According to the political scientist Steven Weber, while data are cheap and plentiful in many developing countries, data analysis is expensive because it is dependent on infrastructure and highly skilled labour.  It is therefore hard to build these sectors in countries where infrastructure is inadequate and the supply of highly skilled labour is small. Weber also argues that there are not enough incentives in many developing countries to create firms to conduct data analysis in lieu of importing (Weber 2017: 410). Moreover, “since data products generate more data as they are used, the greater…data imbalance would become over time” (Weber 2017: 411).   

Given these impediments, executives at data-driven firms are unlikely to see these countries as effective locales for their operations.  Meanwhile, policymakers in the developing world are instead focused on attracting foreign investment that creates many jobs, in particular for relatively unskilled workers (Ernst et al. 2018). Citizens, business leaders and officials from many developing countries may not see leapfrogging to a data-driven economy as the best way to stimulate development. 

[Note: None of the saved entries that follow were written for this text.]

(* Let $\mu$ and $\nu$ be probability measures on $\mathbb{R}$ and let $n\ge1$ be an integer. If $m_{2n}(\mu)<\infty$ and $m_{2n}(\nu)<\infty$, then $m_{2n}(\mu\rhd\nu)<\infty$, and for $1\le l\le 2n$, $$m_l(\mu\rhd\nu)=m_l(\mu)+m_l(\nu)+\sum_{k=1}^{l-1}\ \sum_{\substack{j_0+j_1+\cdots+j_k=l-k\\ j_p\ge0,\ 0\le p\le k}} m_k(\mu)\,m_{j_0}(\nu)\cdots m_{j_k}(\nu).$$
   Context: $m_k(\mu):=\int_{\mathbb{R}}x^k\,\mu(dx)$ denotes the $k$-th moment (so $m_0=1$). For a probability measure $\mu$, $G_\mu(z)=\int\frac{1}{z-x}d\mu(x)$ on $\mathbb{C}^+$ and $H_\mu=1/G_\mu$; the monotone convolution $\mu\rhd\nu$ is the unique probability measure with $H_{\mu\rhd\nu}=H_\mu\circ H_\nu$. *)

theory Defs
  imports "HOL-Probability.Probability"
begin

definition real_prob_measure :: "real measure \<Rightarrow> bool" where
  "real_prob_measure M \<longleftrightarrow> prob_space M \<and> sets M = sets borel"

definition moment :: "real measure \<Rightarrow> nat \<Rightarrow> real" where
  "moment M k = integral\<^sup>L M (\<lambda>x. x ^ k)"

definition cauchy_transform :: "real measure \<Rightarrow> complex \<Rightarrow> complex" where
  "cauchy_transform M z = integral\<^sup>L M (\<lambda>x. 1 / (z - complex_of_real x))"

definition F_transform :: "real measure \<Rightarrow> complex \<Rightarrow> complex" where
  "F_transform M z = 1 / cauchy_transform M z"

text \<open>rho is the monotone convolution of mu and nu: the (unique) probability
  measure with H_rho = H_mu o H_nu on the upper half plane.\<close>
definition is_monotone_convolution :: "real measure \<Rightarrow> real measure \<Rightarrow> real measure \<Rightarrow> bool" where
  "is_monotone_convolution \<mu> \<nu> \<rho> \<longleftrightarrow> real_prob_measure \<rho> \<and>
     (\<forall>z. Im z > 0 \<longrightarrow> F_transform \<rho> z = F_transform \<mu> (F_transform \<nu> z))"

end

theory Submission
  imports Defs "HOL-Computational_Algebra.Polynomial"
begin

text \<open>A probability measure has a finite moment of order \<open>2n\<close> iff its Cauchy transform admits an
  asymptotic expansion \<open>G(z) = \<Sum>k\<le>2n. m\<^sub>k / z ^ Suc k + o(\<bar>z\<bar> ^ -(2n+1))\<close> as \<open>z \<rightarrow> \<infinity>\<close>
  nontangentially; the expansion then carries the moments as coefficients. One direction is
  dominated convergence, the other an induction on the moment order, by monotone convergence of
  \<open>\<integral> x ^ (2m+2) y\<^sup>2 / (x\<^sup>2 + y\<^sup>2)\<close> as \<open>y \<rightarrow> \<infinity>\<close>.
  Since \<open>F\<^sub>\<nu>(iy) \<sim> iy\<close> tends to infinity nontangentially and \<open>1 / F\<^sub>\<nu> = G\<^sub>\<nu>\<close>, the relation
  \<open>G\<^sub>\<rho> = G\<^sub>\<mu> \<circ> F\<^sub>\<nu>\<close> gives \<open>G\<^sub>\<rho>(iy) = P\<^sub>\<mu>(G\<^sub>\<nu>(iy)) + o(y ^ -(2n+1))\<close> with \<open>P\<^sub>\<mu>\<close> the moment polynomial
  of \<open>\<mu>\<close>; substituting the expansion of \<open>G\<^sub>\<nu>\<close> shows that \<open>G\<^sub>\<rho>\<close> expands along \<open>P\<^sub>\<mu> \<circ> P\<^sub>\<nu>\<close>, whose
  coefficients, computed via weak compositions, are the claimed moments of \<open>\<rho>\<close>.\<close>

section \<open>Weak compositions and coefficients of composed series\<close>

definition weak_compositions :: "nat \<Rightarrow> nat \<Rightarrow> nat list set" where
  "weak_compositions m d = {js. length js = m \<and> sum_list js = d}"

lemma finite_weak_compositions: "finite (weak_compositions m d)"
proof (rule finite_subset)
  show "weak_compositions m d \<subseteq> {xs. set xs \<subseteq> {..d} \<and> length xs = m}"
    unfolding weak_compositions_def using member_le_sum_list by fastforce
qed (rule finite_lists_length_eq, simp)

lemma weak_compositions_Suc:
  "weak_compositions (Suc m) d = (\<lambda>(i, js). i # js) ` (SIGMA i:{..d}. weak_compositions m (d - i))"
  by (auto simp: weak_compositions_def length_Suc_conv image_iff)

lemma weak_compositions_Suc_0: "weak_compositions (Suc 0) d = {[d]}"
  by (auto simp: weak_compositions_def length_Suc_conv)

lemma weak_compositions_zero: "weak_compositions m 0 = {replicate m 0}"
  by (auto simp: weak_compositions_def intro: replicate_length_same[symmetric])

Hence, Weber posits a potential bleak future: the countries with large data pools and data analysis expertise will become a core, while those without data expertise become the ‘periphery’. These states could, over time, become less capable of developing further innovation (Weber 2017: 412-13). Along these lines, the World Bank warned that to get the most out of the digital revolution, countries also need to strengthen regulations that ensure competition among businesses, by adapting workers’ skills to the demands of the new economy and by ensuring that institutions are accountable (World Bank 2016).  UNCTAD warned that digitalisation could also lead to increased polarisation and widening income inequalities, as productivity gains may accrue mainly to a few, already wealthy and skilled individuals. Consequently, UNCTAD suggested policymakers should deepen their understanding of the issues at the interface of trade logistics, digitalisation and e-commerce (UNCTAD 2017a: 2).  For this reason, the Center for Global Development, the Heinrich Boll Foundation, the Digital Trade and Data Governance Hub, and the Institute for International Economic Policy are holding a conference on 31 January 2020 to examine these questions from a multidisciplinary perspective.1  

Recent research

In a recent paper (Aaronson 2019), I examine whether developing countries are ready for this new data-driven economy and how development organisations might help them. I use a wide range of metrics to show that most developing and middle-income countries are not ready or able to provide an environment where their citizens’ personal data are protected and where public data are open and readily accessible. But they will need to improve governance in these areas if they want to use data to solve complex problems, maintain infrastructure, or create jobs in the manufacturing or services sector. Data have become an essential input.  

Meanwhile, although developing countries are rich in data, many developing-country officials do not yet see data as a resource. Without greater understanding of the economic and political use of data, these officials may hoard data or fail to advocate for their citizens’ interest (Aaronson 2018). As a result, their citizens may miss an opportunity to use their data as leverage for development funding or economic diversification. Moreover, these same citizens do not own the infrastructure; instead, in many developing countries, the infrastructure is in the cloud and the cloud servers are located abroad — most likely in industrialised countries (Pinto 2018). 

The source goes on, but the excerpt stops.